FSBO (For Sale By Owner) Mistakes

FSBO (For Sale By Owner) Mistakes

for sale by owner mistakes1. Not understanding discrimination, fair housing, lead paint and other disclosure laws
This has got to be #1 on my list. The reason Real Estate Agents are required to be licensed is to assure that they understand these laws properly. Not only do MA Real estate agents have to take 40hrs of training class but they have to take a test to make sure they were paying attention. They also have to keep their license valid by continuing their education 12hrs of CEUS every 2 years. The Real estate lawsuits should be the first thing that FSBO research before putting their home on the market. There are professionals who seek out the uneducated specifically to trap them into a situation.

2. Not listing the house on the MLS properly or at all
I see many FSBO who list with a brokerage as an “entry only”. OK for a few hundred bucks you can get your listing on the MLS with all of the other agent’s listings. But there are good listing and bad listings on the MLS. You need to understand how buyers think when they are looking at the listings online. If there is very little info or few photos buyer tend to think something is wrong with the interior. If the photos are poor quality the buyers cringe and move on.
If you don’t get your property on the MLS then it’s not going to sync to all the other websites that buyers go to search property. The listing will be invisible.

3. Not marketing the property on the right websites
Yes Websites! If your FSBO property is not on the internet you may as well pretend you’re not moving anywhere. 95% of all buyers (and I think that is low) start their home search on the internet. Almost no buyers use the newspaper- well maybe the online newspaper. And that FSBO yard sign is usually impossible to read your phone number. Most buyers will grab your address and google search it for more info. If you are not out there- you are not on the market.

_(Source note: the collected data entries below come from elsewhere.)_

lemma sum_effects:
  assumes "finite F" and "\<forall>i\<in>F. a i \<in> effects K u"
    and "\<forall>s\<in>states K u. (\<Sum>i\<in>F. s (a i)) \<le> 1"
  shows "sum a F \<in> effects K u \<and> (\<forall>s\<in>states K u. s (sum a F) = (\<Sum>i\<in>F. s (a i)))"
  using assms
proof (induction F rule: finite_induct)
  case empty
  then show ?case using zero_in_effects state_zero by simp
next
  case (insert i F)
  have ai: "a i \<in> effects K u" using insert.prems by simp
  have "(\<Sum>i\<in>F. s (a i)) \<le> 1" if s: "s \<in> states K u" for s
  proof -
    have "s (a i) + (\<Sum>i\<in>F. s (a i)) \<le> 1" using insert.prems(2) s insert.hyps by simp
    then show ?thesis using state_bounds[OF s ai] by linarith
  qed
  then have F: "sum a F \<in> effects K u" "\<forall>s\<in>states K u. s (sum a F) = (\<Sum>i\<in>F. s (a i))"
    using insert by auto
  have "\<forall>s\<in>states K u. s (a i) + s (sum a F) \<le> 1"
    using F(2) insert.prems(2) insert.hyps by simp
  then have iF: "a i + sum a F \<in> effects K u" using add_effects[OF ai F(1)] by blast
  then have "cone_le K (a i + sum a F) u" unfolding effects_def by simp
  then show ?case using iF state_add[OF _ ai F(1)] F(2) insert.hyps by simp
qed

lemma sum_effects_eqI:
  assumes "finite F" and "\<forall>i\<in>F. a i \<in> effects K u" and b: "b \<in> effects K u"
    and eq: "\<forall>s\<in>states K u. (\<Sum>i\<in>F. s (a i)) = s b"
  shows "sum a F = b"
proof -
  have "\<forall>s\<in>states K u. (\<Sum>i\<in>F. s (a i)) \<le> 1" using eq state_bounds[OF _ b] by simp
  then have "sum a F \<in> effects K u" "\<forall>s\<in>states K u. s (sum a F) = s b"
    using sum_effects[OF assms(1,2)] eq by auto
  then show ?thesis using effect_eqI b by blast
qed

lemma measured_effect_unique:
  assumes "operation K u K2 u2 T"
  shows "\<exists>!a. a \<in> effects K u \<and> (\<forall>s\<in>states K u. s a = T s u2)"
proof -
  have "\<forall>s\<in>states K u. 0 \<le> T s u2 \<and> T s u2 \<le> 1"
    using operation_unit_bounds[OF assms] by blast
  then show ?thesis
    using effect_representing[OF affine_real_on_operation_unit[OF assms]] by blast
qed

lemma measured_effect_in_effects:
  "operation K u K2 u2 (T i) \<Longrightarrow> measured_effect K u u2 T i \<in> effects K u"
  unfolding measured_effect_def by (drule measured_effect_unique, drule theI') blast

lemma state_measured_effect:
  "operation K u K2 u2 (T i) \<Longrightarrow> s \<in> states K u \<Longrightarrow> s (measured_effect K u u2 T i) = T i s u2"
  unfolding measured_effect_def by (drule measured_effect_unique, drule theI') blast

lemma sum_measured_effects_eqI:
  assumes "finite F" and "\<forall>i\<in>F. operation K u K2 u2 (T (g i))" and b: "b \<in> effects K u"
    and eq: "\<forall>s\<in>states K u. (\<Sum>i\<in>F. T (g i) s u2) = s b"
  shows "(\<Sum>i\<in>F. measured_effect K u u2 T (g i)) = b"
proof -
  have "\<forall>s\<in>states K u. (\<Sum>i\<in>F. s (measured_effect K u u2 T (g i))) = s b"
    using state_measured_effect[of K2 u2 T] assms(2) eq by simp
  then show ?thesis
    using sum_effects_eqI[OF assms(1) _ b, of "\<lambda>i. measured_effect K u u2 T (g i)"]
      measured_effect_in_effects[of K2 u2 T] assms(2) by blast
qed

lemma sum_measured_effects_marginal:
  assumes "finite F" and "\<forall>i\<in>F. operation K u K2 u2 (T (g i))"
    and S: "operation K u K2 u2 (S z)"
    and marg: "\<forall>s\<in>states K u. (\<lambda>w. \<Sum>i\<in>F. T (g i) s w) = S z s"
  shows "(\<Sum>i\<in>F. measured_effect K u u2 T (g i)) = measured_effect K u u2 S z"
proof (rule sum_measured_effects_eqI[where T = T and g = g, OF assms(1,2)])
  show "measured_effect K u u2 S z \<in> effects K u"
    using measured_effect_in_effects[of K2 u2 S z, OF S] .
  show "\<forall>s\<in>states K u. (\<Sum>i\<in>F. T (g i) s u2) = s (measured_effect K u u2 S z)"
    using state_measured_effect[of K2 u2 S z, OF S] marg by (metis (no_types, lifting))
qed

end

4. Not being readily available to handle buyer or agent inquires
If I have a buyer that I need to set showings for in 24 hrs, I spend about an hour or two setting up and confirming appointments for the next day or two. If I don’t hear back from a FSBO I left a voicemail for quickly, I have no choice but to remove it from the itinerary and fill it is with another. If my buyer doesn’t find a house that day maybe I’ll call again. If a buyer calls and you don’t get back to them within an hour they have already moved on to calling an agent or another listing.

5. Not being readily available to show the property
FSBO listings seem to be the hardest to show. The owner always wants to be present when we show the house. This is a bad idea for a few reasons. First reason- now we have to coordinate 3 different schedules to make one appointment happen. Most likely we are coordinating with the sellers work schedule. If my buyers work an opposing schedule it’s almost impossible. Second Reason- Accompanied showings (yes even with listing agents) are counter-productive to selling the house. I know a FSBO thinks they are going to give my buyer all this fabulous information that will make my buyer want to buy the house. But the presence of a listing agent or home owner only causes the buyer discomfort and the desire to run away. A buyer does not want to be “sold” a house. They want to find the right match. They want to come to this decision of their own accord. If security is the concern, pack up all your valuables and put them in a safe or move them out of the house. That way there are no security concerns for showings. When you work with a real estate agent, only qualified buyers enter the property and all data is recorded about the agent who has the qualified buyer.

6. Not watching the market data (competition and flux)
Without regular access to the MLS data it is more difficult to see what properties have sold for, which homes recent went under contract, and which new properties came on the market that other buyers will be looking at. Quite honestly, unless you do this for a living who has time to pull all this data.
When you work with a real estate professional they should be keeping their eye on this information daily. They should understand absorption rates, appreciation values (or depreciation), they should also have basic knowledge of area happenings. If you live in an area with a high level of new construction they should understand how values with existing homes compare.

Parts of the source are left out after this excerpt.